(Data extract begins)
(* Let $P$ be the group of order $32$ with GAP identifier ${\rm SmallGroup}(32,7)$ (of the form $(C_8\rtimes C_2)\rtimes C_2$), and let $M\le P$ be a maximal subgroup with $M\cong C_2\times D_8$. Then $\psi(P)=167$ and $\psi(M)=39$. Consequently, for every odd positive integer $m$, the group $G=P\times C_m$ and its maximal subgroup $H=M\times C_m$ satisfy $$\psi(G)=167\,\psi(C_m)\ >\ 156\,\psi(C_m)=\psi(H)\,|G:H|^2,$$ so the inequality $\psi(G)\le \psi(H)|G:H|^2$ fails for the subgroup $H\le G$.
   Context: All groups are finite. For a finite group $G$, $\psi(G)=\sum_{g\in G} o(g)$, where $o(g)$ is the order of $g$. $C_n$ denotes the cyclic group of order $n$ and $D_8$ the dihedral group of order $8$. ${\rm SmallGroup}(32,7)$ refers to the group numbered 7 among groups of order 32 in the GAP Small Groups Library; it has a maximal subgroup isomorphic to $C_2\times D_8$. *)

theory Defs
  imports "HOL-Algebra.Algebra"
begin

definition psi :: "('a, 'b) monoid_scheme \<Rightarrow> nat" where
  "psi G = (\<Sum>g\<in>carrier G. group.ord G g)"

definition maximal_subgroup :: "'a set \<Rightarrow> ('a, 'b) monoid_scheme \<Rightarrow> bool" where
  "maximal_subgroup M G \<longleftrightarrow> subgroup M G \<and> M \<noteq> carrier G \<and>
     (\<forall>K. subgroup K G \<and> M \<subseteq> K \<longrightarrow> K = M \<or> K = carrier G)"

abbreviation cyclic_group :: "nat \<Rightarrow> int monoid" where
  "cyclic_group n \<equiv> integer_mod_group n"

text \<open>Dihedral group of order 8: pairs (r,s) standing for rho^r sigma^s,
  with sigma rho sigma = rho^-1.\<close>
definition D8 :: "(nat \<times> nat) monoid" where
  "D8 = \<lparr>carrier = {0..<4} \<times> {0..<2},
         monoid.mult = (\<lambda>(r, s) (r', s'). ((r + (if s = 0 then r' else 4 - r')) mod 4, (s + s') mod 2)),
         one = (0, 0)\<rparr>"

text \<open>SmallGroup(32,7) = (C8 \<rtimes> C2) \<rtimes> C2, given by the presentation
  < x, y, z | x^8 = y^2 = z^2 = 1, y x y = x^5, z y z = y, z x z = x y >.
  The triple (i,j,k) with i < 8, j < 2, k < 2 stands for x^i y^j z^k.
  Conjugation by z maps x^i y^j to (x y)^i y^j = x^(i + 4 (i div 2)) y^(i + j).\<close>
definition SG32_7 :: "(nat \<times> nat \<times> nat) monoid" where
  "SG32_7 = \<lparr>carrier = {0..<8} \<times> {0..<2} \<times> {0..<2},
     monoid.mult = (\<lambda>(i, j, k) (i', j', k').
        let i'' = (if k = 0 then i' else (i' + 4 * (i' div 2)) mod 8);
            j'' = (if k = 0 then j' else (i' + j') mod 2)
        in ((i + i'' + 4 * j * i'') mod 8, (j + j'') mod 2, (k + k') mod 2)),
     one = (0, 0, 0)\<rparr>"

end

theory Submission
  imports Defs
begin

text \<open>
  Element orders multiply across a direct product of groups of coprime orders, so for odd \<open>m\<close>
  we get \<open>\<psi>(P \<times> C\<^sub>m) = \<psi>(P) \<psi>(C\<^sub>m)\<close> and \<open>\<psi>(M \<times> C\<^sub>m) = \<psi>(M) \<psi>(C\<^sub>m)\<close>, while \<open>M \<times> C\<^sub>m\<close>
  has index 2, hence is maximal, in \<open>P \<times> C\<^sub>m\<close>; and \<open>39 \<cdot> 2\<^sup>2 = 156 < 167\<close>. Since \<open>\<psi>\<close> is an
  isomorphism invariant, what remains is \<open>\<psi>(P) = 167\<close> and \<open>\<psi>(C\<^sub>2 \<times> D\<^sub>8) = 39\<close>, computed element by
  element: every order divides 8, so it is read off from successive squares. A subgroup
  \<open>M \<cong> C\<^sub>2 \<times> D\<^sub>8\<close> of index 2 exists: \<open>\<langle>x\<^sup>2, y, z\<rangle>\<close>, the elements \<open>x\<^sup>i y\<^sup>j z\<^sup>k\<close> with \<open>i\<close> even.
\<close>

lemma group_by_bij_hom:
  assumes "group H" and f: "bij_betw f (carrier G) (carrier H)"
    and closed: "\<And>x y. x \<in> carrier G \<Longrightarrow> y \<in> carrier G \<Longrightarrow> x \<otimes>\<^bsub>G\<^esub> y \<in> carrier G"
    and f_mult: "\<And>x y. x \<in> carrier G \<Longrightarrow> y \<in> carrier G \<Longrightarrow> f (x \<otimes>\<^bsub>G\<^esub> y) = f x \<otimes>\<^bsub>H\<^esub> f y"
    and one: "\<one>\<^bsub>G\<^esub> \<in> carrier G" "f \<one>\<^bsub>G\<^esub> = \<one>\<^bsub>H\<^esub>"
  shows "group G"
proof -
  interpret H: group H by fact
  have inj: "inj_on f (carrier G)" and f_carrier: "\<And>x. x \<in> carrier G \<Longrightarrow> f x \<in> carrier H"
    using f by (auto simp: bij_betw_def)
  show ?thesis
  proof (rule groupI)
    fix x y z assume "x \<in> carrier G" "y \<in> carrier G" "z \<in> carrier G"
    then show "x \<otimes>\<^bsub>G\<^esub> y \<otimes>\<^bsub>G\<^esub> z = x \<otimes>\<^bsub>G\<^esub> (y \<otimes>\<^bsub>G\<^esub> z)"
      by (intro inj_onD[OF inj]) (simp_all add: closed f_mult f_carrier H.m_assoc)
  next
    fix x assume x: "x \<in> carrier G"
    then show "\<one>\<^bsub>G\<^esub> \<otimes>\<^bsub>G\<^esub> x = x"
      by (intro inj_onD[OF inj]) (simp_all add: closed f_mult f_carrier one)
    obtain y where y: "y \<in> carrier G" "f y = inv\<^bsub>H\<^esub> (f x)"
      using f f_carrier[OF x] by (metis H.inv_closed bij_betw_iff_bijections)
    have "y \<otimes>\<^bsub>G\<^esub> x = \<one>\<^bsub>G\<^esub>"
      by (rule inj_onD[OF inj]) (use x y one in \<open>simp_all add: closed f_mult f_carrier\<close>)
    with y show "\<exists>y\<in>carrier G. y \<otimes>\<^bsub>G\<^esub> x = \<one>\<^bsub>G\<^esub>" by blast
  qed (use closed one in auto)
qed

lemma less_2_cases: "(k::nat) < 2 \<Longrightarrow> k = 0 \<or> k = 1"
  by auto

text \<open>The pair \<open>(x, k)\<close> stands for \<open>x t\<^sup>k\<close>, where \<open>t\<close> has order 2 and acts on \<open>G\<close> by \<open>s\<close>.\<close>

definition involution_sdp :: "('a, 'b) monoid_scheme \<Rightarrow> ('a \<Rightarrow> 'a) \<Rightarrow> ('a \<times> nat) monoid" where
  "involution_sdp G s = \<lparr>carrier = carrier G \<times> {0..<2},
     monoid.mult = (\<lambda>(x, k) (y, k'). (x \<otimes>\<^bsub>G\<^esub> (if k = 0 then y else s y), (k + k') mod 2)),
     one = (\<one>\<^bsub>G\<^esub>, 0)\<rparr>"

lemma group_involution_sdp:
  assumes "group G" and s: "s \<in> hom G G" and s_s: "\<And>x. x \<in> carrier G \<Longrightarrow> s (s x) = x"
  shows "group (involution_sdp G s)"
proof -
  interpret G: group G by fact
  have s_hom: "group_hom G G s"
    using s \<open>group G\<close> by (intro group_hom.intro) (auto simp: group_hom_axioms_def)
  let ?S = "involution_sdp G s"
  show ?thesis
  proof (rule groupI)
    fix x y z assume "x \<in> carrier ?S" "y \<in> carrier ?S" "z \<in> carrier ?S"
    then obtain a k b l c m where "x = (a, k)" "y = (b, l)" "z = (c, m)"
      and "a \<in> carrier G" "b \<in> carrier G" "c \<in> carrier G" "k < 2" "l < 2" "m < 2"
      by (auto simp: involution_sdp_def)
    then show "x \<otimes>\<^bsub>?S\<^esub> y \<otimes>\<^bsub>?S\<^esub> z = x \<otimes>\<^bsub>?S\<^esub> (y \<otimes>\<^bsub>?S\<^esub> z)"
      using less_2_cases[of k] less_2_cases[of l] less_2_cases[of m]
      by (auto simp: involution_sdp_def G.m_assoc s_s group_hom.hom_mult[OF s_hom]
          group_hom.hom_closed[OF s_hom])
  next
    fix x assume "x \<in> carrier ?S"
    then obtain a k where x: "x = (a, k)" "a \<in> carrier G" "k = 0 \<or> k = 1"
      using less_2_cases by (auto simp: involution_sdp_def)
    let ?y = "if k = 0 then (inv\<^bsub>G\<^esub> a, k) else (s (inv\<^bsub>G\<^esub> a), k)"
    have "?y \<otimes>\<^bsub>?S\<^esub> x = \<one>\<^bsub>?S\<^esub>" "?y \<in> carrier ?S"
      using x by (auto simp: involution_sdp_def group_hom.hom_mult[OF s_hom, symmetric]
          group_hom.hom_one[OF s_hom] group_hom.hom_closed[OF s_hom])
    then show "\<exists>y\<in>carrier ?S. y \<otimes>\<^bsub>?S\<^esub> x = \<one>\<^bsub>?S\<^esub>" by blast
  qed (auto simp: involution_sdp_def group_hom.hom_closed[OF s_hom])
qed

definition mod_group :: "nat \<Rightarrow> nat monoid" where
  "mod_group n = \<lparr>carrier = {0..<n}, monoid.mult = (\<lambda>a b. (a + b) mod n), one = 0\<rparr>"

lemma group_mod_group: "0 < n \<Longrightarrow> group (mod_group n)"
proof (rule groupI)
  fix x assume "0 < n" and x: "x \<in> carrier (mod_group n)"
  then show "\<exists>y\<in>carrier (mod_group n). y \<otimes>\<^bsub>mod_group n\<^esub> x = \<one>\<^bsub>mod_group n\<^esub>"
    by (intro bexI[of _ "(n - x) mod n"]) (auto simp: mod_group_def mod_add_left_eq)
qed (auto simp: mod_group_def mod_simps add.assoc)

lemma ord_iso_eq:
  assumes "group G" "group H" and h: "h \<in> iso G H" and x: "x \<in> carrier G"
  shows "group.ord H (h x) = group.ord G x"
proof -
  interpret G: group G by fact
  interpret H: group H by fact
  have hom: "group_hom G H h"
    using assms(1,2) h by (intro group_hom.intro) (auto simp: group_hom_axioms_def iso_def)
  have inj: "inj_on h (carrier G)"
    using h by (simp add: iso_def bij_betw_def)
  have "h x [^]\<^bsub>H\<^esub> n = \<one>\<^bsub>H\<^esub> \<longleftrightarrow> x [^]\<^bsub>G\<^esub> n = \<one>\<^bsub>G\<^esub>" for n :: nat
    using x inj_onD[OF inj, of "x [^]\<^bsub>G\<^esub> n" "\<one>\<^bsub>G\<^esub>"]
    by (auto simp: group_hom.hom_nat_pow[OF hom, symmetric] group_hom.hom_one[OF hom])
  then show ?thesis
    using H.ord_unique[OF group_hom.hom_closed[OF hom x], of "G.ord x"] G.pow_eq_id[OF x] by simp
qed

lemma psi_iso_eq:
  assumes "group G" "group H" and h: "h \<in> iso G H"
  shows "psi G = psi H"
proof -
  have "psi G = (\<Sum>x\<in>carrier G. group.ord H (h x))"
    unfolding psi_def using ord_iso_eq[OF assms] by simp
  also have "\<dots> = psi H"
    unfolding psi_def using h by (simp add: iso_def sum.reindex_bij_betw)
  finally show ?thesis .
qed

lemma DirProd_nat_pow:
  "(a, b) [^]\<^bsub>G \<times>\<times> H\<^esub> (n::nat) = (a [^]\<^bsub>G\<^esub> n, b [^]\<^bsub>H\<^esub> n)"
  by (induction n) auto

lemma ord_DirProd_coprime:
  assumes "group G" "group H" and cop: "coprime (order G) (order H)"
    and x: "x \<in> carrier G" and y: "y \<in> carrier H"
  shows "group.ord (G \<times>\<times> H) (x, y) = group.ord G x * group.ord H y"
proof -
  interpret G: group G by fact
  interpret H: group H by fact
  interpret GH: group "G \<times>\<times> H" by (rule DirProd_group) fact+
  have cop_ord: "coprime (G.ord x) (H.ord y)"
    using coprime_divisors[OF G.ord_dvd_group_order[OF x] H.ord_dvd_group_order[OF y] cop] .
  have "G.ord x dvd n \<and> H.ord y dvd n \<longleftrightarrow> G.ord x * H.ord y dvd n" for n
    using divides_mult[OF _ _ cop_ord] dvd_mult_left dvd_mult_right by metis
  then have "(x, y) [^]\<^bsub>G \<times>\<times> H\<^esub> n = \<one>\<^bsub>G \<times>\<times> H\<^esub> \<longleftrightarrow> G.ord x * H.ord y dvd n" for n
    using G.pow_eq_id[OF x] H.pow_eq_id[OF y] by (simp add: DirProd_nat_pow)
  then show ?thesis
    using GH.ord_unique[of "(x, y)"] x y by simp
qed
(Data extract ends)
**Task goal**
Among the entries, work out how many lines include the word "lparr". Answer with that number only.

**Exercise response**
4